_Dataset entries:_
(* Let $m$ be a positive even integer, and for $z\in\{0,1\}$ let $\mathcal G_z$ be the uniform distribution over $\textsc{GapOr}_m^{-1}(z)$. For every conjunction $C\colon\{0,1\}^m\to\{0,1\}$: (i) $C(\mathcal G_0)\in\{0,1\}$; (ii) if $C(\mathcal G_0)=1$ and $C$ has width $w\le m/4$, then $C(\mathcal G_1)\ge 3^{-w}$.
   Context: $\textsc{GapOr}_m\colon\{0,1\}^m\to\{0,1\}$ is the partial function with value $0$ on the all-zeros input and value $1$ on inputs of Hamming weight $m/2$ (undefined otherwise). A conjunction is an AND of literals; its width is its number of literals. For a conjunction $C$ and distribution $\mathcal D$, $C(\mathcal D)=\Pr_{x\sim\mathcal D}[C(x)=1]$. *)

theory Defs
  imports "HOL-Probability.Probability"
begin

text \<open>Inputs in {0,1}^m are boolean lists of length m (True = 1).\<close>

definition hamming_weight :: "bool list \<Rightarrow> nat" where
  "hamming_weight x = length (filter id x)"

definition gapor_preimage :: "nat \<Rightarrow> bool \<Rightarrow> bool list set" where
  "gapor_preimage m z =
     (if z then {x. length x = m \<and> hamming_weight x = m div 2}
      else {x. length x = m \<and> hamming_weight x = 0})"

definition G :: "nat \<Rightarrow> bool \<Rightarrow> bool list pmf" where
  "G m z = pmf_of_set (gapor_preimage m z)"

text \<open>A conjunction is a finite set of literals (i, b), meaning x_i = b; its width is the
  number of literals.\<close>
type_synonym conj = "(nat \<times> bool) set"

definition conj_wf :: "nat \<Rightarrow> conj \<Rightarrow> bool" where
  "conj_wf m C \<longleftrightarrow> finite C \<and> (\<forall>(i, b) \<in> C. i < m)"

definition conj_eval :: "conj \<Rightarrow> bool list \<Rightarrow> bool" where
  "conj_eval C x \<longleftrightarrow> (\<forall>(i, b) \<in> C. x ! i = b)"

definition width :: "conj \<Rightarrow> nat" where
  "width C = card C"

text \<open>C(D) = Pr_{x ~ D}[C(x) = 1].\<close>
definition conj_prob :: "conj \<Rightarrow> bool list pmf \<Rightarrow> real" where
  "conj_prob C D = measure_pmf.prob D {x. conj_eval C x}"

end

theory Submission
  imports Defs
begin

text \<open>Under \<open>G\<^sub>0\<close>, a point mass on the all-zeros input, a conjunction has probability
  0 or 1, and probability 1 means that all its literals are negative. If it has \<open>w\<close> negative
  literals on distinct variables, then under \<open>G\<^sub>1\<close> its probability is
  \<open>binom (m - w) (m/2) / binom m (m/2)\<close>. Removing one variable from a pool of
  \<open>a \<ge> 3m/4\<close> variables shrinks \<open>binom a (m/2)\<close> by the factor
  \<open>(a - m/2) / a \<ge> 1/3\<close>, which gives the bound \<open>3^-w\<close> for \<open>w \<le> m/4\<close>.\<close>

lemma hamming_weight_map_mem:
  assumes "T \<subseteq> {0..<m}"
  shows "hamming_weight (map (\<lambda>i. i \<in> T) [0..<m]) = card T"
proof -
  have "hamming_weight (map (\<lambda>i. i \<in> T) [0..<m]) = length (filter (\<lambda>i. i \<in> T) [0..<m])"
    by (simp add: hamming_weight_def filter_map o_def)
  also have "\<dots> = card (set (filter (\<lambda>i. i \<in> T) [0..<m]))"
    by (rule distinct_card[symmetric]) simp
  also have "set (filter (\<lambda>i. i \<in> T) [0..<m]) = T"
    using assms by auto
  finally show ?thesis .
qed

lemma card_weight_lists_avoiding:
  assumes "S \<subseteq> {0..<m}"
  shows "card {x. length x = m \<and> hamming_weight x = k \<and> (\<forall>i\<in>S. \<not> x ! i)}
         = (m - card S) choose k"
proof -
  let ?f = "\<lambda>T. map (\<lambda>i. i \<in> T) [0..<m]"
  let ?U = "{T. T \<subseteq> {0..<m} - S \<and> card T = k}"
  have "inj_on ?f ?U"
  proof (rule inj_onI)
    fix T1 T2 assume "T1 \<in> ?U" "T2 \<in> ?U" "?f T1 = ?f T2"
    then have "i \<in> T1 \<longleftrightarrow> i \<in> T2" for i
      by (cases "i < m") (auto simp: list_eq_iff_nth_eq)
    then show "T1 = T2" by blast
  qed
  moreover have "{x. length x = m \<and> hamming_weight x = k \<and> (\<forall>i\<in>S. \<not> x ! i)} = ?f ` ?U"
  proof (intro equalityI subsetI)
    fix x assume x: "x \<in> {x. length x = m \<and> hamming_weight x = k \<and> (\<forall>i\<in>S. \<not> x ! i)}"
    let ?T = "{i. i < m \<and> x ! i}"
    have x_eq: "x = ?f ?T"
      using x by (intro nth_equalityI) auto
    have "hamming_weight (?f ?T) = card ?T"
      by (rule hamming_weight_map_mem) auto
    then have "card ?T = k"
      using x x_eq by simp
    moreover have "?T \<subseteq> {0..<m} - S"
      using x by auto
    ultimately show "x \<in> ?f ` ?U"
      using x_eq by blast
  next
    fix x assume "x \<in> ?f ` ?U"
    then show "x \<in> {x. length x = m \<and> hamming_weight x = k \<and> (\<forall>i\<in>S. \<not> x ! i)}"
      using hamming_weight_map_mem assms by (auto simp: subset_iff)
  qed
  moreover have "card ?U = (m - card S) choose k"
    using n_subsets[of "{0..<m} - S" k] assms
    by (simp add: card_Diff_subset finite_subset)
  ultimately show ?thesis
    by (simp add: card_image)
qed

lemma central_binomial_le_pow3_binomial:
  fixes n w :: nat
  assumes "2 * w \<le> n"
  shows "(2 * n) choose n \<le> 3 ^ w * ((2 * n - w) choose n)"
  using assms
proof (induction w)
  case 0
  then show ?case by simp
next
  case (Suc w)
  let ?a = "2 * n - w"
  have "?a * (?a choose n) \<le> 3 * (?a - n) * (?a choose n)"
    using Suc.prems by (intro mult_right_mono) auto
  also have "\<dots> = ?a * (3 * ((?a - 1) choose n))"
    using binomial_absorb_comp[of ?a n] by simp
  finally have "?a choose n \<le> 3 * ((2 * n - Suc w) choose n)"
    using Suc.prems by (simp add: mult_le_cancel1)
  then show ?case
    using Suc by (simp add: order_trans)
qed

lemma gapor_preimage_False: "gapor_preimage m False = {replicate m False}"
  by (auto simp: gapor_preimage_def hamming_weight_def filter_empty_conv
           intro!: replicate_eqI)

lemma conj_prob_G_False:
  "conj_prob C (G m False) = (if conj_eval C (replicate m False) then 1 else 0)"
  by (simp add: conj_prob_def G_def gapor_preimage_False pmf_of_set_singleton)

lemma conj_eval_zeros_imp_negative:
  assumes "conj_wf m C" and "conj_eval C (replicate m False)"
  shows "C = (\<lambda>i. (i, False)) ` fst ` C"
proof -
  have "\<not> b" if "(i, b) \<in> C" for i b
    using assms that by (fastforce simp: conj_wf_def conj_eval_def)
  then show ?thesis
    by force
qed

lemma prob_G_True_avoiding:
  assumes "even m" and "S \<subseteq> {0..<m}"
  shows "measure_pmf.prob (G m True) {x. \<forall>i\<in>S. \<not> x ! i}
         = real ((m - card S) choose (m div 2)) / real (m choose (m div 2))"
proof -
  let ?A = "gapor_preimage m True"
  have card_A: "card ?A = m choose (m div 2)"
    using card_weight_lists_avoiding[of "{}" m "m div 2"]
    by (simp add: gapor_preimage_def)
  then have "finite ?A" "?A \<noteq> {}"
    using card_gt_0_iff by fastforce+
  moreover have "card (?A \<inter> {x. \<forall>i\<in>S. \<not> x ! i}) = (m - card S) choose (m div 2)"
    using card_weight_lists_avoiding[OF assms(2), of "m div 2"]
    by (simp add: gapor_preimage_def Collect_conj_eq Int_assoc)
  ultimately show ?thesis
    by (simp add: G_def measure_pmf_of_set card_A)
qed

theorem fact3p3:
  fixes m :: nat and C :: conj
  assumes "m > 0" and "even m" and "conj_wf m C"
  shows "conj_prob C (G m False) \<in> {0, 1} \<and>
         (conj_prob C (G m False) = 1 \<and> real (width C) \<le> real m / 4 \<longrightarrow>
          conj_prob C (G m True) \<ge> 3 powr (- real (width C)))"
proof (intro conjI impI)
  show "conj_prob C (G m False) \<in> {0, 1}"
    by (simp add: conj_prob_G_False)
next
  assume hyp: "conj_prob C (G m False) = 1 \<and> real (width C) \<le> real m / 4"
  define S where "S = fst ` C"
  obtain n where n: "m = 2 * n"
    using assms(2) by blast
  have C_eq: "C = (\<lambda>i. (i, False)) ` S"
    using conj_eval_zeros_imp_negative[OF assms(3)] hyp S_def
    by (simp add: conj_prob_G_False split: if_splits)
  have width_C: "width C = card S"
    by (simp add: width_def C_eq card_image inj_on_def)
  have S_sub: "S \<subseteq> {0..<m}"
    using assms(3) by (force simp: S_def conj_wf_def)
  have prob: "conj_prob C (G m True) = real ((m - card S) choose n) / real (m choose n)"
    using prob_G_True_avoiding[OF assms(2) S_sub]
    by (simp add: conj_prob_def conj_eval_def C_eq n)
  have "m choose n \<le> 3 ^ card S * ((m - card S) choose n)"
    using central_binomial_le_pow3_binomial[of "card S" n] hyp width_C n by simp
  then have "real (m choose n) \<le> 3 ^ card S * real ((m - card S) choose n)"
    by (metis of_nat_le_iff of_nat_mult of_nat_power of_nat_numeral)
  moreover have "real (m choose n) > 0"
    using n by simp
  ultimately show "conj_prob C (G m True) \<ge> 3 powr (- real (width C))"
    by (simp add: prob width_C powr_minus powr_realpow field_simps)
qed

end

_PROBLEM TO SOLVE:_
Copy all lines of the records in which the string "intro" can be found.

_SOLVED PROBLEM:_
  proof (intro equalityI subsetI)
      using x by (intro nth_equalityI) auto
    using Suc.prems by (intro mult_right_mono) auto
           intro!: replicate_eqI)
proof (intro conjI impI)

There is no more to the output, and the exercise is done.